What I need is to have a field including the whole http_user_agent content. Any idea of what is causing the error?

I think this is an ECS compatibility issue. When I run your pipeline I get a field called [user_agent], not [agent]. If I add ecs_compatibility => "disabled" to the grok filter then I do not get the user agent in the [agent] field because filebeat has created an [agent] object with details of the beat. I also get errors

:exception=>TypeError, :message=>"cannot convert instance of class org.jruby.RubyHash to class java.lang.String"

You can change ecs_compatibility at the filter, pipeline, or instance level.

First of all, I did not get if I should use ecs_compatibility => "disabled" and at which part?

But even if I will be able to parse it, I do not want to have different fields, like the following:

    {
        "name"=>"Firefox",
        "version"=>"45.0", # since plugin version 3.3.0
        "major"=>"45",
        "minor"=>"0",
        "os_name"=>"Mac OS X",
        "os_version"=>"10.11", # since plugin version 3.3.0
        "os_full"=>"Mac OS X 10.11",
        "os_major"=>"10",
        "os_minor"=>"11",
        "device"=>"Mac"
    }

but one field to include the whole http_user_agent, like this one:

user_agent  => "Mozilla/5.0 (Windows NT 10.0; Win64; x64) AppleWebKit/537.36 (KHTML, like Gecko) Chrome/103.0.0.0 Safari/537.36"

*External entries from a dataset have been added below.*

(* Let $T$, $\mathcal{S}=\mathcal{S}_+\cup\mathcal{S}_-$, $\Psi$, $U$, $\lambda$ and $P_\lambda$ be as in the context. Consider the following three discrete-time QBDs on phase space $\mathcal{S}$: (i) the QBD with blocks $\Delta_{-1}=\frac12\begin{bmatrix}0&0\\0&I\end{bmatrix}$, $\Delta_0=\begin{bmatrix}0&P_{\lambda+-}\\0&\frac12P_{\lambda--}\end{bmatrix}$, $\Delta_1=\begin{bmatrix}P_{\lambda++}&0\\\frac12P_{\lambda-+}&0\end{bmatrix}$; (ii) the QBD with blocks $A'_{-1}=\frac12\begin{bmatrix}0&0\\0&I\end{bmatrix}$, $A'_0=\frac12\begin{bmatrix}I&P_{\lambda+-}\\0&P_{\lambda--}\end{bmatrix}$, $A'_1=\frac12\begin{bmatrix}P_{\lambda++}&0\\P_{\lambda-+}&0\end{bmatrix}$; (iii) the QBD with blocks $A_{-1}=\begin{bmatrix}0&0\\0&(I-\lambda^{-1}U)^{-1}\end{bmatrix}$, $A_0=\begin{bmatrix}0&P_{\lambda+-}\\0&0\end{bmatrix}$, $A_1=\begin{bmatrix}P_{\lambda++}&0\\0&0\end{bmatrix}$. Then the QBD in (ii) has the same $\mathcal{G}$-matrix as the QBD in (i) and the same $\mathcal{G}$-matrix as the QBD in (iii).
   Context: $T$ is the generator of a continuous-time Markov chain on a finite set $\mathcal{S}=\mathcal{S}_+\cup\mathcal{S}_-$ (disjoint, both nonempty), partitioned into blocks $T_{++},T_{+-},T_{-+},T_{--}$ according to $\mathcal{S}_\pm$. $\Psi$ is the minimal nonnegative solution of $T_{+-}+\Psi T_{--}+T_{++}\Psi+\Psi T_{-+}\Psi=0$ (the first-return probability matrix of the unit-rate fluid queue with phase generator $T$, rates $+1$ on $\mathcal{S}_+$ and $-1$ on $\mathcal{S}_-$), and $U:=T_{--}+T_{-+}\Psi$. $\lambda>0$ satisfies $\lambda\ge\max_i|T_{ii}|$ and $P_\lambda:=I+\lambda^{-1}T$ with blocks $P_{\lambda++}$ etc. A discrete-time quasi-birth-death process (QBD) with transition blocks $L_{-1},L_0,L_1$ is a Markov chain $\{(Y_n,\kappa_n)\}$ on $\mathbb{Z}\times\mathcal{S}$ with $\mathbb{P}[Y_n=k+d,\kappa_n=j\mid Y_{n-1}=k,\kappa_{n-1}=i]=(L_d)_{ij}$ for $d\in\{-1,0,1\}$. Its $\mathcal{G}$-matrix has entries $\mathcal{G}_{ij}=\mathbb{P}[\theta<\infty,\kappa_\theta=j\mid Y_0=k,\kappa_0=i]$ with $\theta=\inf\{n>0:Y_n=k-1\}$. Matrices are partitioned into blocks according to $\mathcal{S}_+,\mathcal{S}_-$. *)

theory Defs
  imports "HOL-Analysis.Analysis"
begin

text \<open>Matrices indexed by a finite phase space 's are functions 's \<Rightarrow> 's \<Rightarrow> real.
  The partition of the phase space is given by the set Sp (= S_+); S_- is its complement.\<close>

type_synonym 's rmat = "'s \<Rightarrow> 's \<Rightarrow> real"

definition idm :: "'s rmat" where
  "idm i j = (if i = j then 1 else 0)"

definition zm :: "'s rmat" where
  "zm i j = 0"

definition Sm :: "'s set \<Rightarrow> 's set" where
  "Sm Sp = - Sp"

definition blk :: "'s set \<Rightarrow> 's rmat \<Rightarrow> 's rmat \<Rightarrow> 's rmat \<Rightarrow> 's rmat \<Rightarrow> 's rmat" where
  "blk Sp A B C D i j =
     (if i \<in> Sp then (if j \<in> Sp then A i j else B i j)
      else (if j \<in> Sp then C i j else D i j))"

definition smul :: "real \<Rightarrow> 's rmat \<Rightarrow> 's rmat" where
  "smul c M i j = c * M i j"

definition is_generator :: "('s::finite) rmat \<Rightarrow> bool" where
  "is_generator T \<longleftrightarrow> (\<forall>i j. i \<noteq> j \<longrightarrow> T i j \<ge> 0) \<and> (\<forall>i. (\<Sum>j\<in>UNIV. T i j) = 0)"

text \<open>Left-hand side of the Riccati equation
  T_{+-} + Psi T_{--} + T_{++} Psi + Psi T_{-+} Psi, at entry (i,j), i in S+, j in S-.\<close>
definition riccati :: "('s::finite) set \<Rightarrow> 's rmat \<Rightarrow> 's rmat \<Rightarrow> 's \<Rightarrow> 's \<Rightarrow> real" where
  "riccati Sp T X i j =
     T i j + (\<Sum>k\<in>Sm Sp. X i k * T k j) + (\<Sum>k\<in>Sp. T i k * X k j)
       + (\<Sum>k\<in>Sm Sp. \<Sum>l\<in>Sp. X i k * T k l * X l j)"

definition nonneg_riccati_sol :: "('s::finite) set \<Rightarrow> 's rmat \<Rightarrow> 's rmat \<Rightarrow> bool" where
  "nonneg_riccati_sol Sp T X \<longleftrightarrow>
     (\<forall>i\<in>Sp. \<forall>j\<in>Sm Sp. X i j \<ge> 0 \<and> riccati Sp T X i j = 0)"

text \<open>Psi is the minimal nonnegative solution (only its S+ x S- block is meaningful).\<close>
definition min_nonneg_riccati_sol :: "('s::finite) set \<Rightarrow> 's rmat \<Rightarrow> 's rmat \<Rightarrow> bool" where
  "min_nonneg_riccati_sol Sp T Psi \<longleftrightarrow>
     nonneg_riccati_sol Sp T Psi \<and>
     (\<forall>X. nonneg_riccati_sol Sp T X \<longrightarrow> (\<forall>i\<in>Sp. \<forall>j\<in>Sm Sp. Psi i j \<le> X i j))"

text \<open>U = T_{--} + T_{-+} Psi (meaningful on S- x S-).\<close>
definition Umat :: "('s::finite) set \<Rightarrow> 's rmat \<Rightarrow> 's rmat \<Rightarrow> 's rmat" where
  "Umat Sp T Psi i j = T i j + (\<Sum>k\<in>Sp. T i k * Psi k j)"

definition Plam :: "real \<Rightarrow> 's rmat \<Rightarrow> 's rmat" where
  "Plam lam T i j = idm i j + T i j / lam"

definition inv_on :: "('s::finite) set \<Rightarrow> 's rmat \<Rightarrow> 's rmat" where
  "inv_on A M = (SOME B. \<forall>i\<in>A. \<forall>j\<in>A. (\<Sum>k\<in>A. M i k * B k j) = idm i j)"

text \<open>Taboo probabilities of the QBD with blocks Lm (level -1), L0, L1, started at level 0
  (by level-homogeneity, any starting level k gives the same values, levels shifted by k):
  taboo n i l j = P[Y_n = l, kappa_n = j, Y_m >= 0 for 1 <= m <= n | Y_0 = 0, kappa_0 = i].\<close>
fun taboo :: "('s::finite) rmat \<Rightarrow> 's rmat \<Rightarrow> 's rmat \<Rightarrow> nat \<Rightarrow> 's \<Rightarrow> nat \<Rightarrow> 's \<Rightarrow> real" where
  "taboo Lm L0 L1 0 i l j = (if l = 0 \<and> i = j then 1 else 0)"
| "taboo Lm L0 L1 (Suc n) i l j =
     (\<Sum>k\<in>UNIV. taboo Lm L0 L1 n i l k * L0 k j
               + (if l > 0 then taboo Lm L0 L1 n i (l - 1) k * L1 k j else 0)
               + taboo Lm L0 L1 n i (Suc l) k * Lm k j)"

text \<open>G-matrix: G i j = P[theta < infinity, kappa_theta = j | Y_0 = 0, kappa_0 = i],
  theta = first n > 0 with Y_n = -1; the event {theta = n+1, kappa_theta = j} has probability
  sum_k taboo n i 0 k * Lm k j.\<close>
definition Gmat :: "('s::finite) rmat \<Rightarrow> 's rmat \<Rightarrow> 's rmat \<Rightarrow> 's rmat" where
  "Gmat Lm L0 L1 i j = (\<Sum>n. \<Sum>k\<in>UNIV. taboo Lm L0 L1 n i 0 k * Lm k j)"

That is what I get by default. You need to look at the setting of ecs_compatibility at the instance, pipeline, and filter levels, and read your logstash logs which will have messages related to it.

This topic was automatically closed 28 days after the last reply. New replies are no longer allowed.